lemma coeffs_bounded_binomial_series:
  assumes i: "i \<in> {1..m}" and "\<And>n. mu n r = mu n (s i)"
  shows "coeffs_bounded v (weight v) (binomial_series (of_rat r) (\<alpha> i))"
  unfolding coeffs_bounded_def
proof
  fix n
  have "v (binomial_series (of_rat r) (\<alpha> i) $ n) = v (of_rat r gchoose n) * v (\<alpha> i) ^ n"
    by (simp add: binomial_series_nth nonarch_abs_mult[OF v] nonarch_abs_power[OF v] nonarch_abs_minus[OF v])
  also have "\<dots> \<le> inverse (v (of_nat (mu n (s i)))) * height_v v m \<alpha> ^ n"
    using nonarch_abs_gbinomial_le[OF v, of r n] assms(2)[of n] height_v_ge[OF i, of v]
    by (intro mult_mono power_mono) (simp_all add: nonarch_abs_nonneg[OF v])
  also have "\<dots> \<le> weight v n"
    unfolding weight_def using inverse_mu_le_prod[OF i, of n] height_v_ge_1[of v m \<alpha>]
    by (simp add: mult.commute mult_left_mono)
  finally show "v (binomial_series (of_rat r) (\<alpha> i) $ n) \<le> weight v n" .
qed

lemma coeffs_bounded_weight_prod:
  "(\<And>i. i \<in> {1..m} \<Longrightarrow> coeffs_bounded v (weight v) (F i)) \<Longrightarrow>
    coeffs_bounded v (weight v) (\<Prod>i\<in>{1..m}. F i)"
  by (rule coeffs_bounded_prod[OF v]) (auto intro: order_trans[OF zero_le_one] weight_ge_1 weight_mult_le)

lemma coeffs_bounded_Y: "coeffs_bounded v (weight v) Y"
  unfolding Y_def by (rule coeffs_bounded_weight_prod, rule coeffs_bounded_binomial_series) simp_all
□ □ □ □ □ □ □
Exercise description ::
Look through the entries above and quote exactly the lines from the line with "n) \<le> weight" to the line with "(F i)) \<Longrightarrow>", counting both of those lines.

Response to the task ::
  finally show "v (binomial_series (of_rat r) (\<alpha> i) $ n) \<le> weight v n" .
qed

lemma coeffs_bounded_weight_prod:
  "(\<And>i. i \<in> {1..m} \<Longrightarrow> coeffs_bounded v (weight v) (F i)) \<Longrightarrow>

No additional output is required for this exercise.